Learn About the Life and Death of Activist Chico Mendes

Chico Mendes was killed by a single shotgun blast at the age of 44.
Alex Robinson / Getty Images

Environmental activist Chico Mendes (1944 to 1988) spent his entire life living in and fighting for, the rainforests of his native Brazil and its inhabitants. But his commitment to preserving a sustainable way of life cost Mendes his own life. 

Chico Mendes: Early Life

Chico Mendes was born Francisco Alves Mendes Filho on December 15, 1944, in the small Brazilian village of Seringal Santa Fé, outside of Xapuri. His was a family of rubber tappers, people who make their living sustainably by tapping the sap of local rubber trees. Like many rural people, his family also supplemented their income by harvesting nuts and fruits from the rainforest.
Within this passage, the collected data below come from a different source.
(* Let $m\geq n$ and $k$ be integers with $2\leq k\leq n$. Then $$ext(m,n,(k-1)K_2)+2\leq rb(K_{m,n},kK_2)\leq ext(m,n,kK_2)+1.$$
   Context: $kK_2$ denotes a matching with $k$ edges, and $K_{m,n}$ the complete bipartite graph with parts of sizes $m$ and $n$. For a graph $H$, $ext(m,n,H)$ is the maximum number of edges of a bipartite graph with bipartition $A\cup B$, $|A|=m$, $|B|=n$, containing no subgraph isomorphic to $H$. An edge-coloring contains a rainbow copy of $H$ if there is a subgraph isomorphic to $H$ whose edges have pairwise distinct colors. $rb(G,H)$ is the minimum number $r$ such that every edge-coloring of $G$ using at least $r$ colors contains a rainbow copy of $H$ (equivalently, one plus the maximum number of colors in an edge-coloring of $G$ with no rainbow $H$). *)

theory Defs
  imports Main
begin

definition Kmn_edges :: "nat \<Rightarrow> nat \<Rightarrow> (nat \<times> nat) set" where
  "Kmn_edges m n = {..<m} \<times> {..<n}"

definition is_matching :: "(nat \<times> nat) set \<Rightarrow> bool" where
  "is_matching M \<longleftrightarrow> (\<forall>e\<in>M. \<forall>e'\<in>M. e \<noteq> e' \<longrightarrow> fst e \<noteq> fst e' \<and> snd e \<noteq> snd e')"

definition has_kmatching :: "nat \<Rightarrow> (nat \<times> nat) set \<Rightarrow> bool" where
  "has_kmatching k F \<longleftrightarrow> (\<exists>M\<subseteq>F. card M = k \<and> is_matching M)"

definition ext_matching :: "nat \<Rightarrow> nat \<Rightarrow> nat \<Rightarrow> nat" where
  "ext_matching m n k = Max {card F | F. F \<subseteq> Kmn_edges m n \<and> \<not> has_kmatching k F}"

definition has_rainbow_kmatching :: "nat \<Rightarrow> nat \<Rightarrow> nat \<Rightarrow> (nat \<times> nat \<Rightarrow> nat) \<Rightarrow> bool" where
  "has_rainbow_kmatching m n k c \<longleftrightarrow>
     (\<exists>M\<subseteq>Kmn_edges m n. card M = k \<and> is_matching M \<and> inj_on c M)"

definition rb_matching :: "nat \<Rightarrow> nat \<Rightarrow> nat \<Rightarrow> nat" where
  "rb_matching m n k = (LEAST r. \<forall>c :: nat \<times> nat \<Rightarrow> nat.
      r \<le> card (c ` Kmn_edges m n) \<longrightarrow> has_rainbow_kmatching m n k c)"

end

theory Submission
  imports Defs "HOL-Library.Nat_Bijection"
begin

(* Upper bound: with more than ext(m,n,kK_2) colours, one edge per colour spans a graph too large
   to avoid kK_2, and a kK_2 in it is rainbow.
   Lower bound: take an extremal graph F without (k-1)K_2, give each of its edges its own colour
   and all remaining edges one further colour.  A rainbow kK_2 uses at most one edge outside F,
   so F would contain a (k-1)K_2. *)

lemma finite_Kmn_edges: "finite (Kmn_edges m n)"
  unfolding Kmn_edges_def by simp

lemma finite_ext_matching_candidates:
  "finite {card F | F. F \<subseteq> Kmn_edges m n \<and> \<not> has_kmatching k F}"
  by (rule finite_subset[where B = "card ` Pow (Kmn_edges m n)"]) (auto simp: finite_Kmn_edges)

lemma card_le_ext_matching:
  assumes "F \<subseteq> Kmn_edges m n" and "\<not> has_kmatching k F"
  shows "card F \<le> ext_matching m n k"
  unfolding ext_matching_def
  using assms by (intro Max_ge[OF finite_ext_matching_candidates]) auto

lemma ext_matching_attained:
  assumes "1 \<le> k"
  obtains F where "F \<subseteq> Kmn_edges m n" and "\<not> has_kmatching k F" and "card F = ext_matching m n k"
proof -
  have "\<not> has_kmatching k {}"
    using assms unfolding has_kmatching_def by auto
  then have "ext_matching m n k \<in> {card F | F. F \<subseteq> Kmn_edges m n \<and> \<not> has_kmatching k F}"
    unfolding ext_matching_def by (intro Max_in[OF finite_ext_matching_candidates]) auto
  then show thesis
    using that by auto
qed

lemma has_kmatching_Kmn_edges:
  assumes "k \<le> m" and "k \<le> n"
  shows "has_kmatching k (Kmn_edges m n)"
proof -
  let ?M = "(\<lambda>i. (i, i)) ` {..<k}"
  have "card ?M = k"
    by (subst card_image) (auto simp: inj_on_def)
  moreover have "?M \<subseteq> Kmn_edges m n"
    using assms unfolding Kmn_edges_def by auto
  moreover have "is_matching ?M"
    unfolding is_matching_def by auto
  ultimately show ?thesis
    unfolding has_kmatching_def by blast
qed

lemma is_matching_subset: "is_matching M \<Longrightarrow> N \<subseteq> M \<Longrightarrow> is_matching N"
  unfolding is_matching_def by blast

lemma has_rainbow_kmatching_if_many_colours:
  assumes "ext_matching m n k < card (c ` Kmn_edges m n)"
  shows "has_rainbow_kmatching m n k c"
proof -
  obtain F where F: "F \<subseteq> Kmn_edges m n" "c ` F = c ` Kmn_edges m n" "inj_on c F"
    by (metis subset_image_inj subset_refl)
  have "card F = card (c ` Kmn_edges m n)"
    using F by (metis card_image)
  then have "has_kmatching k F"
    using assms card_le_ext_matching[OF F(1)] by fastforce
  then obtain M where "M \<subseteq> F" "card M = k" "is_matching M"
    unfolding has_kmatching_def by blast
  moreover from \<open>M \<subseteq> F\<close> F have "M \<subseteq> Kmn_edges m n" and "inj_on c M"
    by (auto intro: inj_on_subset)
  ultimately show ?thesis
    unfolding has_rainbow_kmatching_def by blast
qed

definition single_colour_outside :: "(nat \<times> nat) set \<Rightarrow> nat \<times> nat \<Rightarrow> nat" where
  "single_colour_outside F e = (if e \<in> F then Suc (prod_encode e) else 0)"

lemma inj_on_single_colour_outside: "inj_on (single_colour_outside F) F"
  by (rule inj_onI) (simp add: single_colour_outside_def)

lemma card_image_single_colour_outside:
  assumes "finite E" and "F \<subseteq> E" and "F \<noteq> E"
  shows "card (single_colour_outside F ` E) = card F + 1"
proof -
  have "single_colour_outside F ` E = insert 0 (single_colour_outside F ` F)"
    using assms(2,3) unfolding single_colour_outside_def by force
  moreover have "0 \<notin> single_colour_outside F ` F"
    unfolding single_colour_outside_def by auto
  moreover have "finite F"
    using assms(1,2) by (rule finite_subset[rotated])
  ultimately show ?thesis
    by (simp add: card_image inj_on_single_colour_outside)
qed

lemma card_Diff_le_one_if_inj_on_single_colour_outside:
  assumes "inj_on (single_colour_outside F) M"
  shows "card (M - F) \<le> 1"
proof -
  have "single_colour_outside F e = 0" if "e \<in> M - F" for e
    using that unfolding single_colour_outside_def by simp
  then have "\<forall>x\<in>M - F. \<forall>y\<in>M - F. x = y"
    using assms by (metis Diff_subset inj_on_def subsetD)
  then show ?thesis
    by (cases "finite (M - F)") (auto simp: card_le_Suc0_iff_eq)
qed

lemma no_rainbow_kmatching_single_colour_outside:
  assumes "\<not> has_kmatching (k - 1) F"
  shows "\<not> has_rainbow_kmatching m n k (single_colour_outside F)"
proof
  assume "has_rainbow_kmatching m n k (single_colour_outside F)"
  then obtain M where M: "M \<subseteq> Kmn_edges m n" "card M = k" "is_matching M"
      "inj_on (single_colour_outside F) M"
    unfolding has_rainbow_kmatching_def by blast
  have "finite M"
    using M(1) finite_Kmn_edges finite_subset by blast
  then have "card M = card (M \<inter> F) + card (M - F)"
    by (rule card_Int_Diff)
  then have "k - 1 \<le> card (M \<inter> F)"
    using M(2) card_Diff_le_one_if_inj_on_single_colour_outside[OF M(4)] by linarith
  then obtain N where "N \<subseteq> M \<inter> F" "card N = k - 1"
    by (meson obtain_subset_with_card_n)
  with M(3) have "has_kmatching (k - 1) F"
    unfolding has_kmatching_def by (meson is_matching_subset le_inf_iff)
  with assms show False ..
qed

lemma rb_matching_spec:
  assumes "rb_matching m n k \<le> card (c ` Kmn_edges m n)"
  shows "has_rainbow_kmatching m n k c"
proof -
  let ?P = "\<lambda>r. \<forall>c :: nat \<times> nat \<Rightarrow> nat.
      r \<le> card (c ` Kmn_edges m n) \<longrightarrow> has_rainbow_kmatching m n k c"
  have "?P (Suc (card (Kmn_edges m n)))"
    using card_image_le[OF finite_Kmn_edges] not_less_eq_eq by blast
  then have "?P (rb_matching m n k)"
    unfolding rb_matching_def by (rule LeastI)
  with assms show ?thesis
    by blast
qed

lemma rb_matching_le:
  assumes "\<And>c. r \<le> card (c ` Kmn_edges m n) \<Longrightarrow> has_rainbow_kmatching m n k c"
  shows "rb_matching m n k \<le> r"
  unfolding rb_matching_def using assms by (intro Least_le) blast

lemma card_colours_less_rb_matching:
  "\<not> has_rainbow_kmatching m n k c \<Longrightarrow> card (c ` Kmn_edges m n) < rb_matching m n k"
  using rb_matching_spec not_less by blast

theorem mainTheorem3:
  fixes m n k :: nat
  assumes "n \<le> m" and "2 \<le> k" and "k \<le> n"
  shows "ext_matching m n (k - 1) + 2 \<le> rb_matching m n k
       \<and> rb_matching m n k \<le> ext_matching m n k + 1"
proof
  have "1 \<le> k - 1"
    using assms(2) by simp
  then obtain F where F: "F \<subseteq> Kmn_edges m n" "\<not> has_kmatching (k - 1) F"
      "card F = ext_matching m n (k - 1)"
    by (rule ext_matching_attained)
  have "F \<noteq> Kmn_edges m n"
    using F(2) has_kmatching_Kmn_edges[of "k - 1" m n] assms by auto
  then have "card (single_colour_outside F ` Kmn_edges m n) = ext_matching m n (k - 1) + 1"
    using card_image_single_colour_outside[OF finite_Kmn_edges F(1)] F(3) by simp
  then show "ext_matching m n (k - 1) + 2 \<le> rb_matching m n k"
    using card_colours_less_rb_matching[OF no_rainbow_kmatching_single_colour_outside[OF F(2)],
        of m n]
    by simp
  show "rb_matching m n k \<le> ext_matching m n k + 1"
    using has_rainbow_kmatching_if_many_colours by (intro rb_matching_le) simp
qed

end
Mendes started working when he was nine years old, and never received any formal schooling until late in life; by some accounts, Mendes never learned to read until he was about 20 years old. Some of his education was influenced by Euclides Fernandes Tavora, described as "a middle-class Communist who, in the '60s, was on the run from Brazil's military." Tavora introduced Mendes to books, newspapers and labor unions.

Mendes and Organized Labor

Mendes began to organize rubber tappers in the region, and he was soon elected president of the Xapuri Rubber Tappers' Union. Mendes was also instrumental in organizing Brazil's National Council of Rubber Tappers in the mid-1980s; he was soon elected leader of the group.
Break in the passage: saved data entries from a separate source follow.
section \<open>Merging two odd cycles\<close>

text \<open>The new graph E' need only contain the edges of M avoiding a and b, so that both G itself
  and G with aa', bb' switched to ab, a'b' qualify.\<close>
lemma merge_odd_cycles:
  assumes E: "simple_graph V E" and M: "perfect_2_matching V E M"
    and C1: "C1 \<in> odd_cycles V M" and C2: "C2 \<in> odd_cycles V M" and "C1 \<noteq> C2"
    and a: "a \<in> C1" and b: "b \<in> C2" and ab: "{a, b} \<in> E'"
    and E': "\<And>e. e \<in> M \<Longrightarrow> a \<notin> e \<Longrightarrow> b \<notin> e \<Longrightarrow> e \<in> E'"
  obtains M' where "perfect_2_matching V E' M'" "card (odd_cycles V M') < card (odd_cycles V M)"
proof -
  let ?S = "C1 \<union> C2"
  have comps: "C1 \<in> components V M" "C2 \<in> components V M"
    and cycles: "is_odd_cycle M C1" "is_odd_cycle M C2"
    using C1 C2 by (auto simp: odd_cycles_def)
  have disj: "C1 \<inter> C2 = {}" using components_disjoint comps \<open>C1 \<noteq> C2\<close> by blast
  obtain N where N: "perfect_matching_on ?S N" "N \<subseteq> insert {a, b} {e \<in> M. a \<notin> e \<and> b \<notin> e}"
    by (rule perfect_matching_join_odd_cycles[OF cycles disj a b])
  have "?S \<subseteq> V" using comps components_subset by blast
  have S: "C \<subseteq> ?S \<or> C \<inter> ?S = {}" if "C \<in> components V M" for C
    using components_disjoint[OF that comps(1)] components_disjoint[OF that comps(2)] by blast
  have "rematch M ?S N \<subseteq> E'"
  proof
    fix e assume "e \<in> rematch M ?S N"
    then consider "e \<in> M" "\<not> e \<subseteq> ?S" | "e \<in> N" unfolding rematch_def by blast
    then show "e \<in> E'"
    proof cases
      case 1
      obtain C where "C \<in> components V M" "e \<subseteq> C"
        by (rule edge_in_component[OF perfect_2_matching_simple_graph[OF E M] 1(1)])
      with S 1(2) have "e \<inter> ?S = {}" by blast
      with 1(1) a b E' show ?thesis by blast
    next
      case 2
      with N(2) ab E' show ?thesis by blast
    qed
  qed
  note rematch = perfect_2_matching_rematch[OF E M \<open>?S \<subseteq> V\<close> S N(1) this]
    odd_cycles_rematch[OF E M \<open>?S \<subseteq> V\<close> S N(1) this]
  have "C1 \<noteq> {}" using components_nonempty comps(1) by blast
  then have "odd_cycles V (rematch M ?S N) \<subset> odd_cycles V M"
    using rematch(2) C1 by blast
  moreover have "finite (odd_cycles V M)"
    using E finite_components[of V M] unfolding simple_graph_def odd_cycles_def by simp
  ultimately have "card (odd_cycles V (rematch M ?S N)) < card (odd_cycles V M)"
    by (rule psubset_card_mono[rotated])
  with rematch(1) show thesis by (rule that)
qed

lemma degree_switch:
  assumes "finite E" "{a, a'} \<in> E" "{b, b'} \<in> E" "{a, b} \<notin> E" "{a', b'} \<notin> E"
    and "distinct [a, a', b, b']"
  shows "degree (insert {a, b} (insert {a', b'} (E - {{a, a'}, {b, b'}}))) v = degree E v"
proof -
  let ?E' = "insert {a, b} (insert {a', b'} (E - {{a, a'}, {b, b'}}))"
  let ?D = "\<lambda>F. {e \<in> F. v \<in> e}"
  have swap: "card (?D ?E') = card (?D E)"
    if "?D ?E' = insert X (?D E - {A})" "A \<in> ?D E" "X \<notin> ?D E" for X A
  proof -
    have "card (insert X (?D E - {A})) = Suc (card (?D E - {A}))"
      using that(3) assms(1) by (intro card_insert_disjoint) auto
    also have "\<dots> = card (?D E)" using that(2) assms(1) by (intro card_Suc_Diff1) auto
    finally show ?thesis unfolding that(1) .
  qed
  consider "v = a" | "v = a'" | "v = b" | "v = b'" | "v \<notin> {a, a', b, b'}" by blast
  then have "card (?D ?E') = card (?D E)"
  proof cases
    case 1
    then show ?thesis using assms by (intro swap[of "{a, b}" "{a, a'}"]) (auto 0 3)
  next
    case 2
    then show ?thesis using assms by (intro swap[of "{a', b'}" "{a, a'}"]) (auto 0 3)
  next
    case 3
    then show ?thesis using assms by (intro swap[of "{a, b}" "{b, b'}"]) (auto 0 3)
  next
    case 4
    then show ?thesis using assms by (intro swap[of "{a', b'}" "{b, b'}"]) (auto 0 3)
  next
    case 5
    then have "?D ?E' = ?D E" by auto
    then show ?thesis by simp
  qed
  then show ?thesis unfolding degree_def .
qed

lemma reduce_odd_cycles:
  assumes E: "simple_graph V E" and M: "perfect_2_matching V E M"
    and C1: "C1 \<in> odd_cycles V M" and C2: "C2 \<in> odd_cycles V M" and "C1 \<noteq> C2"
  obtains E' M' where "simple_graph V E'" "\<forall>v\<in>V. degree E' v = degree E v"
    "perfect_2_matching V E' M'" "card (odd_cycles V M') < card (odd_cycles V M)"
proof -
  have "is_odd_cycle M C1" "is_odd_cycle M C2" using C1 C2 by (simp_all add: odd_cycles_def)
  obtain a a' where "a \<noteq> a'" and aa': "{a, a'} \<in> edges_in M C1"
    by (rule odd_cycle_edge[OF \<open>is_odd_cycle M C1\<close>])
  obtain b b' where "b \<noteq> b'" and bb': "{b, b'} \<in> edges_in M C2"
    by (rule odd_cycle_edge[OF \<open>is_odd_cycle M C2\<close>])
  have "M \<subseteq> E" using M by (simp add: perfect_2_matching_def)
  have "C1 \<inter> C2 = {}"
    using components_disjoint[of C1 V M C2] C1 C2 \<open>C1 \<noteq> C2\<close> by (simp add: odd_cycles_def)
  then have "distinct [a, a', b, b']" using \<open>a \<noteq> a'\<close> \<open>b \<noteq> b'\<close> aa' bb' by (auto simp: edges_in_def)
  have "a \<in> C1" "a' \<in> C1" "b \<in> C2" "b' \<in> C2" using aa' bb' by (auto simp: edges_in_def)
  consider "{a, b} \<in> E" | "{a', b'} \<in> E" | "{a, b} \<notin> E" "{a', b'} \<notin> E" by blast
  then show thesis
  proof cases
    case 1
    obtain M' where "perfect_2_matching V E M'" "card (odd_cycles V M') < card (odd_cycles V M)"
      by (rule merge_odd_cycles[OF E M C1 C2 \<open>C1 \<noteq> C2\<close> \<open>a \<in> C1\<close> \<open>b \<in> C2\<close> 1])
        (use \<open>M \<subseteq> E\<close> in blast)
    with E show thesis using that by blast
  next
    case 2
    obtain M' where "perfect_2_matching V E M'" "card (odd_cycles V M') < card (odd_cycles V M)"
      by (rule merge_odd_cycles[OF E M C1 C2 \<open>C1 \<noteq> C2\<close> \<open>a' \<in> C1\<close> \<open>b' \<in> C2\<close> 2])
        (use \<open>M \<subseteq> E\<close> in blast)
    with E show thesis using that by blast
  next
    case 3
    define E' where "E' = insert {a, b} (insert {a', b'} (E - {{a, a'}, {b, b'}}))"
    have old: "{a, a'} \<in> E" "{b, b'} \<in> E" using aa' bb' \<open>M \<subseteq> E\<close> by (auto simp: edges_in_def)
    have "degree E' v = degree E v" for v
      unfolding E'_def by (rule degree_switch[OF finite_edges[OF E] old 3 \<open>distinct [a, a', b, b']\<close>])
    moreover have "simple_graph V E'"
    proof -
      have "a \<in> V" "a' \<in> V" "b \<in> V" "b' \<in> V"
        using simple_graph_edgeD[OF E old(1)] simple_graph_edgeD[OF E old(2)] by simp_all
      with \<open>distinct [a, a', b, b']\<close> show ?thesis unfolding E'_def
        by (intro simple_graph_insert simple_graph_subset[OF E]) auto
    qed
    moreover obtain M' where "perfect_2_matching V E' M'" "card (odd_cycles V M') < card (odd_cycles V M)"
      by (rule merge_odd_cycles[OF E M C1 C2 \<open>C1 \<noteq> C2\<close> \<open>a \<in> C1\<close> \<open>b \<in> C2\<close>, of E'])
        (use \<open>M \<subseteq> E\<close> in \<open>auto simp: E'_def\<close>)
    ultimately show thesis using that by blast
  qed
qed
There was immense economic pressure, however, to clear the rainforest for cattle grazing. Despite evidence that harvesting the forest's rubber, fruits, nuts, and other commodities is a more sustainable practice that creates more income over a longer period of time, clear-cutting the rainforest was occurring at an accelerating rate in the 1980s.
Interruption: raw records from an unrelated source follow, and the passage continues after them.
lemma real_analytic_UHP_local_Lipschitz:
  assumes f: "real_analytic_UHP f" and z0: "z0 \<in> UHP"
  obtains \<rho> B where "\<rho> > 0" "\<And>w. cmod (w - z0) \<le> \<rho> \<Longrightarrow> cmod (f w - f z0) \<le> B * cmod (w - z0)"
proof -
  obtain r c where r: "r > 0" and hs: "\<And>z. z \<in> ball z0 r \<Longrightarrow>
      ((\<lambda>(j,l). c (j,l) * of_real ((Re z - Re z0) ^ j * (Im z - Im z0) ^ l)) has_sum f z) UNIV"
    using f z0 unfolding real_analytic_UHP_def by blast
  \<comment> \<open>The series converges absolutely at z0 + \<rho>(1 + i); each non-constant term at w is at most
     |w - z0| / \<rho> times the corresponding term there.\<close>
  define \<rho> where "\<rho> = r / 4"
  have \<rho>: "\<rho> > 0" using r by (simp add: \<rho>_def)
  define N where "N = (\<lambda>(j,l). cmod (c (j,l)) * \<rho> ^ (j + l))"
  have "cmod (Complex \<rho> \<rho>) \<le> \<rho> + \<rho>" using cmod_le[of "Complex \<rho> \<rho>"] \<rho> by simp
  then have "z0 + Complex \<rho> \<rho> \<in> ball z0 r" using \<rho> by (simp add: dist_norm \<rho>_def)
  from hs[OF this] have "((\<lambda>(j,l). c (j,l) * of_real (\<rho> ^ j * \<rho> ^ l)) has_sum f (z0 + Complex \<rho> \<rho>)) UNIV"
    by simp
  then have "(\<lambda>x. norm ((\<lambda>(j,l). c (j,l) * of_real (\<rho> ^ j * \<rho> ^ l)) x)) summable_on UNIV"
    using has_sum_imp_summable summable_on_iff_abs_summable_on_complex by blast
  moreover have "(\<lambda>x. norm ((\<lambda>(j,l). c (j,l) * of_real (\<rho> ^ j * \<rho> ^ l)) x)) = N"
    using \<rho> by (auto simp: N_def norm_mult power_add abs_mult norm_power)
  ultimately have N: "(N has_sum infsum N UNIV) UNIV" by simp
  have bound: "cmod (f w - f z0) \<le> infsum N UNIV / \<rho> * cmod (w - z0)" if w: "cmod (w - z0) \<le> \<rho>" for w
  proof -
    define d where "d = cmod (w - z0)"
    have "w \<in> ball z0 r" using w r by (simp add: dist_norm \<rho>_def norm_minus_commute)
    from has_sum_add[OF hs[OF this] has_sum_uminusI[OF hs[of z0]]]
    have diff: "((\<lambda>(j,l). c (j,l) * of_real ((Re w - Re z0) ^ j * (Im w - Im z0) ^ l - 0 ^ j * 0 ^ l))
        has_sum (f w - f z0)) UNIV"
      using r by (simp add: case_prod_beta' algebra_simps)
    have "norm ((\<lambda>(j,l). c (j,l) * of_real ((Re w - Re z0) ^ j * (Im w - Im z0) ^ l - 0 ^ j * 0 ^ l)) x)
        \<le> d / \<rho> * N x" for x
    proof (cases "x = (0, 0)")
      case False
      obtain j l where x: "x = (j, l)" by (cases x)
      have "\<bar>(Re w - Re z0) ^ j * (Im w - Im z0) ^ l\<bar> \<le> d / \<rho> * \<rho> ^ (j + l)"
        using False w abs_Re_le_cmod[of "w - z0"] abs_Im_le_cmod[of "w - z0"] \<rho>
        by (intro monomial_le_scaled) (auto simp: d_def x)
      then have "cmod (c (j,l)) * \<bar>(Re w - Re z0) ^ j * (Im w - Im z0) ^ l\<bar>
          \<le> cmod (c (j,l)) * (d / \<rho> * \<rho> ^ (j + l))"
        by (rule mult_left_mono) simp
      moreover have "(Re w - Re z0) ^ j * (Im w - Im z0) ^ l - 0 ^ j * 0 ^ l
          = (Re w - Re z0) ^ j * (Im w - Im z0) ^ l"
        using False x by auto
      ultimately show ?thesis
        unfolding x prod.case N_def norm_mult norm_of_real by (simp only: mult_ac)
    qed (use \<rho> in \<open>simp add: N_def d_def\<close>)
    then have "cmod (f w - f z0) \<le> d / \<rho> * infsum N UNIV"
      by (intro norm_infsum_le[OF diff has_sum_cmult_right[OF N]]) auto
    then show ?thesis by (simp add: d_def mult.commute)
  qed
  show ?thesis by (rule that[OF \<rho> bound])
qed

lemma real_analytic_UHP_isCont:
  assumes "real_analytic_UHP f" "z0 \<in> UHP"
  shows "isCont f z0"
proof -
  obtain \<rho> B where \<rho>: "\<rho> > 0" and B: "\<And>w. cmod (w - z0) \<le> \<rho> \<Longrightarrow> cmod (f w - f z0) \<le> B * cmod (w - z0)"
    using real_analytic_UHP_local_Lipschitz[OF assms] by blast
  have "\<forall>\<^sub>F w in at z0. norm (f w - f z0) \<le> B * cmod (w - z0)"
    using \<rho> B by (auto simp: eventually_at dist_norm intro!: exI[of _ \<rho>])
  moreover have "((\<lambda>w. B * cmod (w - z0)) \<longlongrightarrow> 0) (at z0)"
    by (auto intro!: tendsto_eq_intros)
  ultimately have "((\<lambda>w. f w - f z0) \<longlongrightarrow> 0) (at z0)"
    by (rule Lim_null_comparison)
  then show ?thesis
    unfolding isCont_def by (simp add: LIM_zero_iff)
qed

lemma finite_lattice_points_near:
  assumes z: "Im z > 0"
  shows "finite {(p::int, q::int). cmod (of_int p * z + of_int q) \<le> 1}"
proof -
  define K where "K = 1 / Im z + 1 + \<bar>Re z\<bar> / Im z"
  have bnd: "\<bar>real_of_int p\<bar> \<le> K \<and> \<bar>real_of_int q\<bar> \<le> K" if "cmod (of_int p * z + of_int q) \<le> 1" for p q
  proof -
    have "\<bar>real_of_int p\<bar> * Im z \<le> 1"
      using abs_Im_le_cmod[of "of_int p * z + of_int q"] that z by (simp add: abs_mult)
    then have p: "\<bar>real_of_int p\<bar> \<le> 1 / Im z" using z by (simp add: field_simps)
    have "\<bar>real_of_int p * Re z + real_of_int q\<bar> \<le> 1"
      using abs_Re_le_cmod[of "of_int p * z + of_int q"] that by simp
    moreover have "\<bar>real_of_int q\<bar> \<le> \<bar>real_of_int p * Re z + real_of_int q\<bar> + \<bar>real_of_int p\<bar> * \<bar>Re z\<bar>"
      using abs_triangle_ineq4[of "real_of_int p * Re z + real_of_int q" "real_of_int p * Re z"]
      by (simp add: abs_mult)
    ultimately have "\<bar>real_of_int q\<bar> \<le> 1 + \<bar>real_of_int p\<bar> * \<bar>Re z\<bar>"
      by linarith
    also have "\<dots> \<le> 1 + 1 / Im z * \<bar>Re z\<bar>"
      using p by (intro add_left_mono mult_right_mono) auto
    finally show ?thesis using p z unfolding K_def by (simp add: field_simps)
  qed
  define N where "N = nat \<lceil>K\<rceil>"
  have KN: "K \<le> real N" unfolding N_def by linarith
  have "{(p, q). cmod (of_int p * z + of_int q) \<le> 1} \<subseteq> {- int N..int N} \<times> {- int N..int N}"
  proof
    fix x assume "x \<in> {(p, q). cmod (of_int p * z + of_int q) \<le> 1}"
    then obtain p q where x: "x = (p, q)" and "cmod (of_int p * z + of_int q) \<le> 1" by auto
    with bnd KN have "\<bar>real_of_int p\<bar> \<le> real N" "\<bar>real_of_int q\<bar> \<le> real N" by fastforce+
    then show "x \<in> {- int N..int N} \<times> {- int N..int N}" unfolding x by auto
  qed
  then show ?thesis by (rule finite_subset) simp
qed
When 130 ranchers expelled some 100,000 tappers from the rainforest, Mendes and his laborers fought back, rallying whole families to stand in front of chainsaws and block bulldozers. Their efforts met with some success and attracted the attention of the international environmental community. Mendes was placed on the United Nations Environmental Program Global 500 Roll of Honor Award in 1987; he also won the National Wildlife Federation's National Conservation Achievement Award in 1988.

Mendes vs. Ranchers and Loggers

When rancher Darly Alves da Silva attempted to clear-cut an area of rainforest that was planned as a nature preserve in 1988, Mendes succeeded in stopping the planned logging and created the preserve. Mendes also gained a warrant for da Silva's arrest for a murder he had committed in another state.

For his efforts, Chico Mendes and his family received constant death threats -- in 1988, Mendes himself predicted he wouldn't live past Christmas. And on the night of December 22, 1988, Chico Mendes was shot to death by a single shotgun blast outside his family's house. Mendes was the 19th activist to be murdered in Brazil that year.

Mendes' murder sparked international outrage and massive protests in Brazil, eventually resulting in the arrest and conviction of Darly Alves da Silva, his son Darly Alves da Silva Jr., and a ranch hand, Jerdeir Pereira.

The Legacy of Chico Mendes

Partly as a result of Mendes' murder, the Brazilian government stopped subsidizing logging and ranching operations and established many rubber preserves and nature reserves, including one named after the activist, Parque Chico Mendes. The World Bank, which once financed development in the rainforest, is now financing nature reserves that function as sustainable rubber plantations.

But all is not well in the Brazilian rainforest, by most accounts. Clear-cutting continues, and according to some reports, fighting development in the rainforests of Brazil has cost some 1,000 activists their lives since 1988. Much work remains to be done to honor the legacy of Chico Mendes.